## YOUR INSTRUCTIONS
Within the data that follows, set down exactly the lines from the one containing "(simp add: B_def)" through the one containing "x\<^sub>0 - c d) *", both ends included.

## STUDY MATERIAL
————————

(* Let $X$ be a Fréchet space and let $\Gamma:[0,1]\to ck(X)$ be Pettis integrable in $ck(X)$. Then every scalarly measurable selection of $\Gamma$ is Pettis integrable.
   Context: $X$ is a Fréchet space, $X^*$ its dual, $ck(X)$ the nonempty compact convex subsets, $\sigma(x^*,C)=\sup_{x\in C}\langle x^*,x\rangle$. Pettis integrable in $ck(X)$ (for a multifunction): $\sigma(x^*,\Gamma(\cdot))$ is Lebesgue integrable for each $x^*\in X^*$ and for each Lebesgue measurable $E\subseteq[0,1]$ there is $x_E\in ck(X)$ with $\sigma(x^*,x_E)=\int_E\sigma(x^*,\Gamma(t))dt$ for all $x^*$. A selection of $\Gamma$ is a function $f:[0,1]\to X$ with $f(t)\in\Gamma(t)$ for a.e. $t$; it is scalarly measurable if $t\mapsto\langle x^*,f(t)\rangle$ is measurable for each $x^*$; a function $f$ is Pettis integrable if $\langle x^*,f(\cdot)\rangle$ is Lebesgue integrable for each $x^*$ and for each measurable $E$ there is $x_E\in X$ with $\langle x^*,x_E\rangle=\int_E\langle x^*,f(t)\rangle dt$ for all $x^*$. *)

theory Defs
  imports "HOL-Analysis.Analysis" "HOL-Probability.Probability"
begin

text \<open>A Frechet space is modelled as a real vector space together with a countable
separating family of seminorms p 0, p 1, ... , complete w.r.t. the induced
(metrizable, locally convex) topology.\<close>

definition seminorm :: "('a::real_vector \<Rightarrow> real) \<Rightarrow> bool" where
  "seminorm q \<longleftrightarrow> (\<forall>x y. q (x + y) \<le> q x + q y) \<and> (\<forall>c x. q (c *\<^sub>R x) = \<bar>c\<bar> * q x)"

definition frechet_seminorms :: "(nat \<Rightarrow> 'a::real_vector \<Rightarrow> real) \<Rightarrow> bool" where
  "frechet_seminorms p \<longleftrightarrow>
     (\<forall>n. seminorm (p n)) \<and>
     (\<forall>x. (\<forall>n. p n x = 0) \<longrightarrow> x = 0) \<and>
     (\<forall>s. (\<forall>n e. 0 < e \<longrightarrow> (\<exists>N. \<forall>i\<ge>N. \<forall>j\<ge>N. p n (s i - s j) < e)) \<longrightarrow>
          (\<exists>l. \<forall>n. (\<lambda>i. p n (s i - l)) \<longlonglongrightarrow> 0))"

definition frechet_topology :: "(nat \<Rightarrow> 'a::real_vector \<Rightarrow> real) \<Rightarrow> 'a topology" where
  "frechet_topology p = topology (\<lambda>U. \<forall>x\<in>U. \<exists>n e. 0 < e \<and> {y. \<forall>k\<le>n. p k (y - x) < e} \<subseteq> U)"

definition dual_space :: "(nat \<Rightarrow> 'a::real_vector \<Rightarrow> real) \<Rightarrow> ('a \<Rightarrow> real) set" where
  "dual_space p = {f. linear f \<and> continuous_map (frechet_topology p) euclideanreal f}"

definition ck :: "(nat \<Rightarrow> 'a::real_vector \<Rightarrow> real) \<Rightarrow> 'a set set" where
  "ck p = {C. C \<noteq> {} \<and> compactin (frechet_topology p) C \<and> convex C}"

definition support_fun :: "('a \<Rightarrow> real) \<Rightarrow> 'a set \<Rightarrow> real" where
  "support_fun xs C = (SUP x\<in>C. xs x)"

definition pettis_integrable_ck ::
  "(nat \<Rightarrow> 'a::real_vector \<Rightarrow> real) \<Rightarrow> (real \<Rightarrow> 'a set) \<Rightarrow> bool" where
  "pettis_integrable_ck p \<Gamma> \<longleftrightarrow>
     (\<forall>xs\<in>dual_space p. integrable (lebesgue_on {0..1}) (\<lambda>t. support_fun xs (\<Gamma> t))) \<and>
     (\<forall>E\<in>sets (lebesgue_on {0..1}). \<exists>C\<in>ck p. \<forall>xs\<in>dual_space p.
         support_fun xs C = (LINT t:E|lebesgue_on {0..1}. support_fun xs (\<Gamma> t)))"

definition pettis_integrable ::
  "(nat \<Rightarrow> 'a::real_vector \<Rightarrow> real) \<Rightarrow> (real \<Rightarrow> 'a) \<Rightarrow> bool" where
  "pettis_integrable p f \<longleftrightarrow>
     (\<forall>xs\<in>dual_space p. integrable (lebesgue_on {0..1}) (\<lambda>t. xs (f t))) \<and>
     (\<forall>E\<in>sets (lebesgue_on {0..1}). \<exists>x. \<forall>xs\<in>dual_space p.
         xs x = (LINT t:E|lebesgue_on {0..1}. xs (f t)))"

definition scalarly_measurable ::
  "(nat \<Rightarrow> 'a::real_vector \<Rightarrow> real) \<Rightarrow> (real \<Rightarrow> 'a) \<Rightarrow> bool" where
  "scalarly_measurable p f \<longleftrightarrow>
     (\<forall>xs\<in>dual_space p. (\<lambda>t. xs (f t)) \<in> borel_measurable (lebesgue_on {0..1}))"

definition is_selection :: "(real \<Rightarrow> 'a set) \<Rightarrow> (real \<Rightarrow> 'a) \<Rightarrow> bool" where
  "is_selection \<Gamma> f \<longleftrightarrow> (AE t in lebesgue_on {0..1}. f t \<in> \<Gamma> t)"

end

theory Submission imports Defs begin

text \<open>Fix a measurable E and let C \<in> ck(X) be the Pettis integral of \<Gamma> over E. The functional
\<phi>(x*) = \<integral>_E x*(f) is linear on X* and, because f is a selection, \<phi>(x*) \<le> \<integral>_E \<sigma>(x*, \<Gamma>) = \<sigma>(x*, C).
Such a functional is evaluation at a point of C. For finitely many x*_1, ..., x*_n, take x0 \<in> C
minimising \<Sum>_i (x*_i(x) - \<phi>(x*_i))^2; the first-order condition on the convex set C says that x0
maximises d = - \<Sum>_i (x*_i(x0) - \<phi>(x*_i)) x*_i over C, and then \<phi>(d) \<le> \<sigma>(d, C) = d(x0) forces
every residual to vanish. The finite intersection property of the compact set C passes from
finitely many functionals to all of X*.\<close>

lemma sum_squares_le_perturbed_imp_sum_mult_nonneg:
  fixes a b :: "'i \<Rightarrow> real"
  assumes "finite F"
    and le: "\<And>t. 0 < t \<Longrightarrow> t \<le> 1 \<Longrightarrow> (\<Sum>i\<in>F. (a i)\<^sup>2) \<le> (\<Sum>i\<in>F. (a i + t * b i)\<^sup>2)"
  shows "0 \<le> (\<Sum>i\<in>F. a i * b i)"
proof (rule ccontr)
  define B where "B = (\<Sum>i\<in>F. a i * b i)"
  define C where "C = (\<Sum>i\<in>F. (b i)\<^sup>2)"
  assume "\<not> 0 \<le> (\<Sum>i\<in>F. a i * b i)"
  hence B: "B < 0" by (simp add: B_def)
  have C: "0 \<le> C" unfolding C_def by (intro sum_nonneg) auto
  have expand: "(\<Sum>i\<in>F. (a i + t * b i)\<^sup>2) = (\<Sum>i\<in>F. (a i)\<^sup>2) + 2 * t * B + t\<^sup>2 * C" for t
    unfolding B_def C_def
    by (simp add: power2_eq_square algebra_simps sum.distrib sum_distrib_left)
  define t where "t = min 1 (- B / (C + 1))"
  have t_pos: "0 < t" using B C by (simp add: t_def divide_neg_pos)
  have t_le_1: "t \<le> 1" by (simp add: t_def)
  have "t * C \<le> - B / (C + 1) * C" using C by (intro mult_right_mono) (auto simp: t_def)
  also have "\<dots> < - B" using B C by (simp add: field_simps)
  finally have tC: "t * C < - B" .
  have "0 \<le> 2 * t * B + t\<^sup>2 * C" using le[OF t_pos t_le_1] expand[of t] by simp
  also have "\<dots> = t * (2 * B + t * C)" by (simp add: power2_eq_square algebra_simps)
  finally have "0 \<le> 2 * B + t * C" using t_pos by (simp add: zero_le_mult_iff)
  thus False using tC B by linarith
qed

lemma convex_argmin_sum_squares_variational_ineq:
  fixes K :: "'a::real_vector set" and c :: "('a \<Rightarrow> real) \<Rightarrow> real"
  assumes "convex K" "finite F" and lin: "\<And>d. d \<in> F \<Longrightarrow> linear d"
    and "x\<^sub>0 \<in> K"
    and argmin: "\<And>x. x \<in> K \<Longrightarrow> (\<Sum>d\<in>F. (d x\<^sub>0 - c d)\<^sup>2) \<le> (\<Sum>d\<in>F. (d x - c d)\<^sup>2)"
    and "x \<in> K"
  shows "0 \<le> (\<Sum>d\<in>F. (d x\<^sub>0 - c d) * (d x - d x\<^sub>0))"
proof (rule sum_squares_le_perturbed_imp_sum_mult_nonneg[OF \<open>finite F\<close>])
  fix t :: real assume t: "0 < t" "t \<le> 1"
  define x\<^sub>t where "x\<^sub>t = (1 - t) *\<^sub>R x\<^sub>0 + t *\<^sub>R x"
  have "x\<^sub>t \<in> K" unfolding x\<^sub>t_def using assms t by (intro convexD) auto
  moreover have "(\<Sum>d\<in>F. (d x\<^sub>t - c d)\<^sup>2) = (\<Sum>d\<in>F. (d x\<^sub>0 - c d + t * (d x - d x\<^sub>0))\<^sup>2)"
  proof (rule sum.cong[OF refl])
    fix d assume "d \<in> F"
    hence "d x\<^sub>t = (1 - t) * d x\<^sub>0 + t * d x"
      using lin by (simp add: x\<^sub>t_def linear_add linear_scale)
    hence "d x\<^sub>t - c d = d x\<^sub>0 - c d + t * (d x - d x\<^sub>0)" by (simp add: algebra_simps)
    thus "(d x\<^sub>t - c d)\<^sup>2 = (d x\<^sub>0 - c d + t * (d x - d x\<^sub>0))\<^sup>2" by (rule arg_cong)
  qed
  ultimately show "(\<Sum>d\<in>F. (d x\<^sub>0 - c d)\<^sup>2) \<le> (\<Sum>d\<in>F. (d x\<^sub>0 - c d + t * (d x - d x\<^sub>0))\<^sup>2)"
    using argmin[of x\<^sub>t] by simp
qed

————————

## EXERCISE SOLUTION
  hence B: "B < 0" by (simp add: B_def)
  have C: "0 \<le> C" unfolding C_def by (intro sum_nonneg) auto
  have expand: "(\<Sum>i\<in>F. (a i + t * b i)\<^sup>2) = (\<Sum>i\<in>F. (a i)\<^sup>2) + 2 * t * B + t\<^sup>2 * C" for t
    unfolding B_def C_def
    by (simp add: power2_eq_square algebra_simps sum.distrib sum_distrib_left)
  define t where "t = min 1 (- B / (C + 1))"
  have t_pos: "0 < t" using B C by (simp add: t_def divide_neg_pos)
  have t_le_1: "t \<le> 1" by (simp add: t_def)
  have "t * C \<le> - B / (C + 1) * C" using C by (intro mult_right_mono) (auto simp: t_def)
  also have "\<dots> < - B" using B C by (simp add: field_simps)
  finally have tC: "t * C < - B" .
  have "0 \<le> 2 * t * B + t\<^sup>2 * C" using le[OF t_pos t_le_1] expand[of t] by simp
  also have "\<dots> = t * (2 * B + t * C)" by (simp add: power2_eq_square algebra_simps)
  finally have "0 \<le> 2 * B + t * C" using t_pos by (simp add: zero_le_mult_iff)
  thus False using tC B by linarith
qed

lemma convex_argmin_sum_squares_variational_ineq:
  fixes K :: "'a::real_vector set" and c :: "('a \<Rightarrow> real) \<Rightarrow> real"
  assumes "convex K" "finite F" and lin: "\<And>d. d \<in> F \<Longrightarrow> linear d"
    and "x\<^sub>0 \<in> K"
    and argmin: "\<And>x. x \<in> K \<Longrightarrow> (\<Sum>d\<in>F. (d x\<^sub>0 - c d)\<^sup>2) \<le> (\<Sum>d\<in>F. (d x - c d)\<^sup>2)"
    and "x \<in> K"
  shows "0 \<le> (\<Sum>d\<in>F. (d x\<^sub>0 - c d) * (d x - d x\<^sub>0))"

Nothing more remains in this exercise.